I’ve gone to this DC parade at least a half dozen times since I moved here, and it’s always the same:

  • It’s totally over-commercialized. I swear I have heard an MC at the musical stage, next to the actual Capitol building, proclaim, “Welcome to DC Pride, sponsored by Absolut! and Bank of America! Because every LGBT-identifying person needs to be drunk while wielding a checking account. What? This year they even had a “float” for Frito-Lay. Frito-freakin-Lay, people. This “float” was a Frito-Lay delivery truck with some rainbow flags duct-taped to the sides. This is what Susanne refers to as a “phoned in” float, cuz I know that truck just ditched the flags and turned the corner onto Massachusetts to make deliveries to the Giant Foods store like it’d never been throwing bags of Doritos into the streets for free. Damn closeted Frito-Lay truck.
  • It’s too hot to cheer. I understand the Stonewall Inn riots happened on June 28, 1969. It was New York City’s finests’ problem that they pissed people off in the heat. And now it’s every queermo’s problem, as we stand around fanning ourselves with moist paper, waiting for an interesting float to pass by, or at least the DC Cowboys. They shoulda done better at the America’s Got Talent show. If they can stay synchronized on a moving truck bed, well, that would throw people like Susan Boyle, I bet. The heat melts us all so quickly, even with the parade starting at 6:30, the best we can do is attempt to remain vertical, although clapping does generate a pithy breeze.
  • There are too many straight people. I can tell that DuPont isn’t the gay central it used to be, because I saw a hell of a lot of confused-looking straightniks yesterday, walking across the street, some of them in the middle of say, marching bands. People, that is rude as all get out! Pretend just for this evening that you’re afraid of us, okay? Next thing you know they’ll be pushing their baby strollers through Robert Novak’s funeral procession. I bet that actually happened.
  • Too many politicians come a’calling. Every single person running for every single office in a 40-mile radius was in the parade yesterday. The current mayor. The wannabe mayors. The folks running for council. The council-at-large contenders. Sheesh, I just wanted them to go away. Ain’t nobody gonna vote for them just because they showed up for the Big Gay Parade. It’s a Democratic city, you better be gay-friendly! Walking in a parade is the least you can do, especially when your GLBT Affairs Office does nothing for the community (I’m looking at you, Fenty).
  • Confusion regarding what kind of parade this was. All of the aforementioned politicians brought with them mardi gras beads, each some kind of color that was supposed to indicate which politician one supported. In this regard, it was coincidental that many of the folks running for office had colors for surnames: Orange, Gray, Brown. But clearly, the most gay-friendly pols were the ones who tossed us rainbow-colored necklaces. Susanne remarked that no way was she going to flash anyone for beads.

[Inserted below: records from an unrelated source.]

lemma carr_eq_Fij_expansion:
  assumes "a \<in> carr k"
  shows "a = (\<lambda>t. (\<Sum>j<k. a j * Fij p k j t) + cst k (res p k 0 a 0) t)"
proof
  fix t
  consider "t < k" | "t = k" | "t > k" by linarith
  then show "a t = (\<Sum>j<k. a j * Fij p k j t) + cst k (res p k 0 a 0) t"
  proof cases
    case 1
    then have "(\<Sum>j<k. a j * Fij p k j t) = (\<Sum>j<k. if j = t then a t else 0)"
      by (intro sum.cong) (auto simp: Fij_def bX_def cst_def)
    then show ?thesis using 1 by (simp add: cst_def)
  next
    case 2
    have "(\<Sum>j<k. a j * Fij p k j k) = (\<Sum>j<k. - (int p ^ (k - j) * a j))"
      by (intro sum.cong) (auto simp: Fij_def bX_def cst_def)
    moreover have "res p k 0 a 0 = (\<Sum>j<k. int p ^ (k - j) * a j) + a k"
      by (simp add: res_zero_coeff lessThan_Suc_atMost[symmetric] less_Suc_eq_le)
    ultimately show ?thesis
      using 2 by (simp add: cst_def sum_negf)
  next
    case 3
    then show ?thesis
      using assms by (simp add: Fij_def bX_def cst_def carr_def)
  qed
qed

lemma Lseq_eq_J0:
  assumes "1 \<le> k"
  shows "Lseq p k = J0 p k (int p)"
proof -
  let ?G = "{cst k (int p)} \<union> {Fij p k j | j. j < k}"
  have "Fij p k j \<in> top_dvd_ideal p k" if "j < k" for j
    using that Fij_carr[OF that] by (simp add: top_dvd_ideal_def Fij_def bX_def cst_def)
  then have "?G \<subseteq> top_dvd_ideal p k"
    using cst_carr by (auto simp: top_dvd_ideal_def cst_def)
  then have "J0 p k (int p) \<subseteq> top_dvd_ideal p k"
    unfolding J0_def gen_ideal_def using ring_ideal_top_dvd by blast
  moreover have "a \<in> J" if a: "a \<in> top_dvd_ideal p k" and J: "ring_ideal p k J" "?G \<subseteq> J" for a J
  proof -
    have "int p dvd res p k 0 a 0"
      using a by (simp add: top_dvd_ideal_def res_zero_coeff_dvd_iff)
    then obtain d where d: "res p k 0 a 0 = int p * d" ..
    have "(\<lambda>t. \<Sum>j<k. a j * Fij p k j t) \<in> J"
      using J by (intro ring_ideal_lincomb) auto
    moreover have "cst k (res p k 0 a 0) = (\<lambda>t. d * cst k (int p) t)"
      by (simp add: d cst_def fun_eq_iff)
    then have "cst k (res p k 0 a 0) \<in> J"
      using J by (simp add: ring_ideal_scale)
    ultimately have "(\<lambda>t. (\<Sum>j<k. a j * Fij p k j t) + cst k (res p k 0 a 0) t) \<in> J"
      by (rule ring_ideal_add[OF J(1)])
    moreover have "a \<in> carr k"
      using a by (simp add: top_dvd_ideal_def)
    ultimately show "a \<in> J"
      by (subst carr_eq_Fij_expansion) auto
  qed
  then have "top_dvd_ideal p k \<subseteq> J0 p k (int p)"
    unfolding J0_def gen_ideal_def by blast
  ultimately show ?thesis
    by (simp add: Lseq_eq_top_dvd_ideal)
qed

We watched, we waited, we saw all manner of church groups trolling for more congregants—excuse me, recruiting, excuse me communicating about their services—and we began wondering where the leather-clad men wearing chaps were all at. It’s not a gay parade without furry butts to avoid seeing.

At some point, our feet began signaling their discomfort, but there was nary a bench or spare spot of curb. The parade was in full tilt, bands of PFLAG people, united Methodists, gay foreign service workers (only in DC’s parade), and the always lively Different Drummers. Very few activist groups, and certainly none of the intentional freaks of the April Fool’s Day Parade in San Francisco graced the asphalt. If conservatives like Rush and Ann Coulter are concerned for the revolutionary potential of this assembly, rest assured they need not be.

The parade was drawing down, and I heard someone near me catch their breath. Up in the sky, a rainbow. A real rainbow.

Apparently God showed up at the event!